Benarkah Rakyat Iri kepada Pemerintah? Menelaah Pernyataan Presiden

Tuduhan bahwa pengamat dan rakyat "iri" melihat keberhasilan pemerintah memicu perdebatan sengit. Artikel ini mengupas logika di balik narasi tersebut, dari teori kontrak sosial hingga realita ekonomi yang dirasakan masyarakat.

Ruang publik Indonesia kembali dihebohkan oleh pernyataan Presiden dalam sidang kabinet paripurna pada 13 Maret 2026. Dalam pertemuan yang digelar di Istana Negara itu, Kepala Negara menyebut adanya pihak—termasuk pengamat—yang tidak suka melihat pemerintah berhasil, bahkan sampai menuduh mereka iri terhadap capaian yang diraih. Pernyataan ini sontak memicu gelombang reaksi dari berbagai kalangan.

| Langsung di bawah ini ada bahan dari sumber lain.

lemma lucas_binomial_cong:
  assumes p: "prime (p::nat)" and "a0 < p" "b0 < p"
  shows "[(a0 + p * a1) choose (b0 + p * b1) = (a0 choose b0) * (a1 choose b1)] (mod p)"
  using assms(2,3)
proof (induction a1 arbitrary: b1)
  case 0
  show ?case
  proof (cases b1)
    case (Suc c)
    then have "a0 < b0 + p * b1" using 0 by simp
    then show ?thesis using Suc by (simp add: binomial_eq_0)
  qed simp
next
  case (Suc a1)
  have shift: "a0 + p * Suc a1 = (a0 + p * a1) + p" by simp
  show ?case
  proof (cases b1)
    case 0
    have "[(a0 + p * Suc a1) choose b0 = (a0 + p * a1) choose b0] (mod p)"
      using binomial_add_prime_cong[OF p, of "a0 + p * a1" b0] Suc.prems unfolding shift by simp
    also have "[(a0 + p * a1) choose b0 = (a0 choose b0) * (a1 choose 0)] (mod p)"
      using Suc.IH[of 0] Suc.prems by simp
    finally show ?thesis using 0 by simp
  next
    case (Suc c)
    have "[(a0 + p * Suc a1) choose (b0 + p * b1) = ((a0 + p * a1) choose (b0 + p * b1))
          + ((a0 + p * a1) choose (b0 + p * c))] (mod p)"
      using binomial_add_prime_cong[OF p, of "a0 + p * a1" "b0 + p * b1"] Suc unfolding shift by simp
    also have "[((a0 + p * a1) choose (b0 + p * b1)) + ((a0 + p * a1) choose (b0 + p * c))
       = (a0 choose b0) * (a1 choose b1) + (a0 choose b0) * (a1 choose c)] (mod p)"
      by (intro cong_add Suc.IH) (use Suc.prems in auto)
    also have "(a0 choose b0) * (a1 choose b1) + (a0 choose b0) * (a1 choose c)
       = (a0 choose b0) * (Suc a1 choose b1)"
      using Suc by (simp add: algebra_simps)
    finally show ?thesis .
  qed
qed

lemma central_binomial_cong_0:
  assumes p: "prime (p::nat)" and "n0 < p" "p \<le> 2 * n0"
  shows "[(2 * (n0 + p * m)) choose (n0 + p * m) = 0] (mod p)"
proof -
  have shift: "2 * (n0 + p * m) = (2 * n0 - p) + p * (2 * m + 1)" using assms(3) by simp
  have "[(2 * n0 - p) + p * (2 * m + 1) choose (n0 + p * m)
         = ((2 * n0 - p) choose n0) * ((2 * m + 1) choose m)] (mod p)"
    by (rule lucas_binomial_cong) (use assms in auto)
  moreover have "(2 * n0 - p) choose n0 = 0" using assms by (intro binomial_eq_0) linarith
  ultimately show ?thesis unfolding shift by simp
qed

lemma central_binomial_digit_cong:
  assumes p: "prime (p::nat)" and "n0 < p"
  shows "[int ((2 * (n0 + p * m)) choose (n0 + p * m)) =
          int ((2 * n0) choose n0) * int ((2 * m) choose m)] (mod int p)"
proof (cases "2 * n0 < p")
  case True
  have "2 * (n0 + p * m) = 2 * n0 + p * (2 * m)" by simp
  then show ?thesis
    using lucas_binomial_cong[OF p True \<open>n0 < p\<close>, of "2 * m" m]
    by (metis cong_int_iff of_nat_mult)
next
  case False
  then have lhs: "[(2 * (n0 + p * m)) choose (n0 + p * m) = 0] (mod p)"
    and "[(2 * n0) choose n0 = 0] (mod p)"
    using central_binomial_cong_0[OF p \<open>n0 < p\<close>, of m] central_binomial_cong_0[OF p \<open>n0 < p\<close>, of 0]
    by simp_all
  then have "[((2 * n0) choose n0) * ((2 * m) choose m) = 0 * ((2 * m) choose m)] (mod p)"
    by (intro cong_mult cong_refl)
  then have "[(2 * (n0 + p * m)) choose (n0 + p * m) = ((2 * n0) choose n0) * ((2 * m) choose m)] (mod p)"
    using cong_trans[OF lhs cong_sym] by simp
  then show ?thesis by (metis cong_int_iff of_nat_mult)
qed

definition catalan :: "nat \<Rightarrow> int" where
  "catalan k = int ((2 * k) choose k) - int ((2 * k) choose Suc k)"

lemma central_binomial_Suc_eq_catalan:
  "int ((2 * k + 2) choose Suc k) = 2 * int (2 * k + 1) * catalan k"
proof -
  have below: "Suc k * ((2 * k) choose Suc k) = k * ((2 * k) choose k)"
  proof -
    have "Suc k * ((2 * k) choose Suc k) = (2 * k) * ((2 * k - 1) choose k)"
      by (rule binomial_absorption)
    also have "\<dots> = (2 * k - k) * ((2 * k) choose k)"
      by (rule binomial_absorb_comp[symmetric])
    finally show ?thesis by simp
  qed
  have next_central: "Suc k * ((2 * k + 2) choose Suc k) = 2 * (2 * k + 1) * ((2 * k) choose k)"
  proof -
    have "Suc k * ((2 * k + 2) choose Suc k) = Suc k * (Suc (2 * k + 1) choose Suc k)" by simp
    also have "\<dots> = Suc (2 * k + 1) * ((2 * k + 1) choose k)" by (rule Suc_times_binomial)
    also have "(2 * k + 1) choose k = (2 * k + 1) choose Suc k"
      using binomial_symmetric[of k "2 * k + 1"] by simp
    also have "Suc (2 * k + 1) * ((2 * k + 1) choose Suc k) = 2 * (Suc k * (Suc (2 * k) choose Suc k))"
      by simp
    also have "Suc k * (Suc (2 * k) choose Suc k) = Suc (2 * k) * ((2 * k) choose k)"
      by (rule Suc_times_binomial)
    finally show ?thesis by simp
  qed
  have "int (Suc k) * (2 * int (2 * k + 1) * catalan k)
      = 2 * int (2 * k + 1) * (int (Suc k * ((2 * k) choose k)) - int (Suc k * ((2 * k) choose Suc k)))"
    unfolding catalan_def of_nat_mult by (simp add: algebra_simps)
  also have "\<dots> = int (Suc k * ((2 * k + 2) choose Suc k))"
    unfolding below next_central by (simp add: algebra_simps)
  finally show ?thesis by (simp only: of_nat_mult mult_cancel_left) simp
qed
text \<open>Riesz representation: \<open>x \<mapsto> \<Sum>b\<in>T. F x b \<cdot> b\<close> over a basis \<open>T\<close> is injective by
nondegeneracy, hence surjective, and a preimage of \<open>\<Sum>b\<in>T. f b \<cdot> b\<close> represents \<open>f\<close>.\<close>

lemma nondegenerate_bilin_form_represents:
  fixes sc :: "'k::field \<Rightarrow> 'v::ab_group_add \<Rightarrow> 'v"
  assumes vs: "vector_space sc" and fin: "finite S" and span: "module.span sc S = UNIV"
    and F: "bilin_form sc F" and nondeg: "\<And>x. (\<forall>y. F x y = 0) \<Longrightarrow> x = 0"
    and f: "Vector_Spaces.linear sc (*) f"
  shows "\<exists>a. \<forall>y. F a y = f y"
proof -
  interpret vector_space sc by fact
  interpret vp: vector_space_pair sc "(*) :: 'k \<Rightarrow> 'k \<Rightarrow> 'k"
    using vs f by (simp add: vector_space_pair_def linear_iff)
  obtain T where T: "T \<subseteq> S" "independent T" "S \<subseteq> span T"
    using maximal_independent_subset[of S] by blast
  have spanT: "span T = UNIV"
    using T span by (metis span_eq top_unique span_superset subset_trans)
  interpret fd: finite_dimensional_vector_space sc T
    by unfold_locales (use T fin finite_subset spanT in auto)
  have F_right: "\<And>x. Vector_Spaces.linear sc (*) (F x)"
    using F by (simp add: bilin_form_def)
  have coeffs_zero: "\<And>c. (\<Sum>b\<in>T. sc (c b) b) = 0 \<Longrightarrow> \<forall>b\<in>T. c b = 0"
    using fd.independent_explicit T(2) by blast
  have agree_on_basis: "F a z = g z"
    if "Vector_Spaces.linear sc (*) g" "\<forall>b\<in>T. F a b = g b" for a g z
    using vp.linear_eq_on[OF F_right that(1), of z T] that(2) spanT by auto
  define E where "E x = (\<Sum>b\<in>T. sc (F x b) b)" for x
  have "Vector_Spaces.linear sc sc E"
    unfolding linear_iff E_def
    by (auto simp: vs bilin_form_left_add[OF F] bilin_form_left_scale[OF F]
        scale_left_distrib sum.distrib scale_sum_right)
  moreover have "inj E"
  proof (rule injI)
    fix x y assume "E x = E y"
    then have "(\<Sum>b\<in>T. sc (F (x - y) b) b) = 0"
      by (simp add: E_def bilin_form_left_diff[OF F] scale_left_diff_distrib sum_subtractf)
    then have "\<forall>b\<in>T. F (x - y) b = 0" by (rule coeffs_zero)
    then have "\<forall>z. F (x - y) z = 0"
      using agree_on_basis[OF vp.linear_zero] by blast
    then show "x = y" using nondeg by fastforce
  qed
  ultimately have "surj E" by (rule fd.linear_inj_imp_surj)
  then obtain a where "E a = (\<Sum>b\<in>T. sc (f b) b)" by (metis surjD)
  then have "(\<Sum>b\<in>T. sc (F a b - f b) b) = 0"
    by (simp add: E_def scale_left_diff_distrib sum_subtractf)
  then have "\<forall>b\<in>T. F a b = f b"
    using coeffs_zero by fastforce
  then show ?thesis
    using agree_on_basis[OF f] by blast
qed

locale invariant_form_algebra =
  fixes sc :: "'k::field \<Rightarrow> 'v::ab_group_add \<Rightarrow> 'v"
    and mul :: "'v \<Rightarrow> 'v \<Rightarrow> 'v"
    and B :: "'v \<Rightarrow> 'v \<Rightarrow> 'k"
  assumes vector_space: "vector_space sc"
    and finite_span: "\<exists>S. finite S \<and> module.span sc S = UNIV"
    and mul_commute: "\<And>x y. mul x y = mul y x"
    and bilin: "bilin_form sc B"
    and B_sym: "\<And>x y. B x y = B y x"
    and B_nondeg: "\<And>x. (\<forall>y. B x y = 0) \<Longrightarrow> x = 0"
    and B_invariant: "\<And>x y z. B (mul x y) z = B x (mul y z)"

lemma pseudo_euclidean_invariant_form_algebra:
  "pseudo_euclidean sc mul B \<Longrightarrow> invariant_form_algebra sc mul B"
  unfolding pseudo_euclidean_def jordan_algebra_def fd_algebra_def invariant_form_algebra_def
  by auto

Banyak yang mempertanyakan dasar logika di balik pernyataan tersebut. Mungkinkah rakyat atau pengamat merasa iri kepada pemerintahnya sendiri? Pertanyaan ini bukan sekadar retorika, melainkan pintu masuk untuk menelaah relasi antara penguasa dan yang dikuasai dalam bingkai demokrasi.

Suasana Sidang Kabinet Paripurna di Istana Negara, tempat Presiden menyampaikan pernyataan tentang pihak yang iri terhadap pemerintah
Suasana Sidang Kabinet Paripurna di Istana Negara, 13 Maret 2026. 🄯 Dokumentasi Istana

Kronologi dan Konteks Pernyataan

Dalam sidang kabinet tersebut, Presiden menyampaikan rasa herannya terhadap kritik yang terus mengalir meskipun pemerintah merasa telah banyak berprestasi. Menurut beliau, kritik yang muncul bukan lagi berbobot substansi, melainkan ekspresi kekecewaan dari pihak-pihak yang kalah atau mereka yang dulunya menikmati ruang dugaan penyalahgunaan kewenangan dan sekarang jalurnya ditutup. Narasi ini kemudian dirangkai menjadi tuduhan bahwa ada pihak yang iri melihat keberhasilan pemerintah.

Pernyataan ini menimbulkan tanda tanya besar di tengah publik. Para pengamat politik dan akademisi bereaksi dengan cepat, menilai bahwa framing semacam ini berpotensi membungkam kritik yang konstruktif. Mereka mengingatkan bahwa dalam demokrasi, kritik adalah napas dari proses koreksi bersama.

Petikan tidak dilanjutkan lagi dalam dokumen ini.